Indicator Fault Detection Method Based on Periodic Self Discovery and Historical Anomaly Filtering

Data centers' information systems typically encompass a variety of operational objects including applications, systems, networks, and devices, which generate a large volume of indicator data during operation. The traditional threshold-based indicator fault detection method has struggled to adapt to the massive and heterogeneous nature of distributed architectures, resulting in numerous false positives and negatives. Existing research has limitations in terms of the accuracy of fitting indicator operating characteristics, as well as performance. To address the problem of fault detection for indicator data, this article proposes a method based on periodic self-discovery and historical anomaly filtering. It achieves periodic self-discovery based on Fourier transformation, significantly reducing the training cost such as model parameter tuning.
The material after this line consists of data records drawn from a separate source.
text \<open>A maximal cone \<open>\<mu>\<close> is a \<open>\<int>\<close>-basis of \<open>N\<close>, so every ray has integral coordinates in the
  basis \<open>\<mu>\<close>, and the Fano condition for \<open>X(\<sigma>)\<close> says that for every ray \<open>\<rho> \<notin> \<mu>\<close> adjacent to
  \<open>\<sigma> \<subseteq> \<mu>\<close> the coordinates of \<open>\<rho>\<close> outside \<open>\<sigma>\<close> sum to at most \<open>0\<close>. Such a ray always has a
  negative coordinate outside \<open>\<sigma>\<close>: otherwise \<open>\<rho>\<close> plus a nonnegative combination of \<open>\<sigma>\<close> would
  lie in the two cones \<open>\<mu>\<close> and \<open>\<sigma> \<union> {\<rho>}\<close>, which meet in \<open>\<sigma>\<close>. With the bounds of (iii) this
  gives (i); and in a maximal cone entered from the relative interior of \<open>P - {x}\<close> it forces
  the coordinates of \<open>x\<close> on \<open>P - {x}\<close> to be \<open>-1\<close>, so that \<open>\<Sum>P\<close> has nonnegative integral
  coordinates of sum at most \<open>1\<close>, which is (ii).

  Conversely, under (i) or (ii) the positive coordinates of a ray \<open>\<rho> \<notin> \<mu>\<close> sum to at most \<open>1\<close>,
  by induction on the sum of its negative coordinates: a primitive relation among \<open>\<rho>\<close> and rays
  of \<open>\<mu>\<close> on which \<open>\<rho>\<close> is negative (for (ii)), or the Fano condition on a face adjacent to
  \<open>\<rho>\<close> (for (i)), replaces \<open>\<rho>\<close> by \<open>0\<close> or by a ray whose coordinates (outside that face) are those of
  \<open>\<rho>\<close> raised by \<open>1\<close> at some negative places. The lower bound \<open>-1\<close> of (iii) then follows by crossing the
  wall of \<open>\<mu>\<close> opposite to a generator \<open>s\<close>, which negates the \<open>s\<close>-coordinate.\<close>

section \<open>Coordinates and positive cones\<close>

lemma representation_sum_scaleR:
  fixes S :: "'a::real_vector set"
  assumes "independent S" "T \<subseteq> S" "finite T"
  shows "representation S (\<Sum>t\<in>T. c t *\<^sub>R t) = (\<lambda>s. if s \<in> T then c s else 0)"
proof -
  have "representation S (\<Sum>t\<in>T. c t *\<^sub>R t) = (\<lambda>s. \<Sum>t\<in>T. c t * (if s = t then 1 else 0))"
    using assms by (auto simp: representation_sum representation_scale representation_basis
        span_base span_scale subset_iff)
  also have "\<dots> = (\<lambda>s. if s \<in> T then c s else 0)"
    using assms(3) by (auto simp: if_distrib[of "(*) _"] cong: if_cong)
  finally show ?thesis .
qed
Additionally, it introduces a quadratic fuzzy filter based on periodicity to effectively solve possible local misclassification issues while generating a baseband that is more suitable for indicator operating characteristics, improving detection accuracy. Through experimental validation, the fault detection method proposed in this article significantly improves the accuracy of indicator for operational objects. Compared to directly using ARIMA and SARIMA models, this method has improved the MSE by up to 44% and 36%, respectively. This method has also been practically applied in multiple scenarios in a bank's production environment, increasing alert accuracy by 20% and achieving a ratio of 10:1 for alert convergence. Compared to traditional methods, it significantly enhances the ability of fault detection for indicators.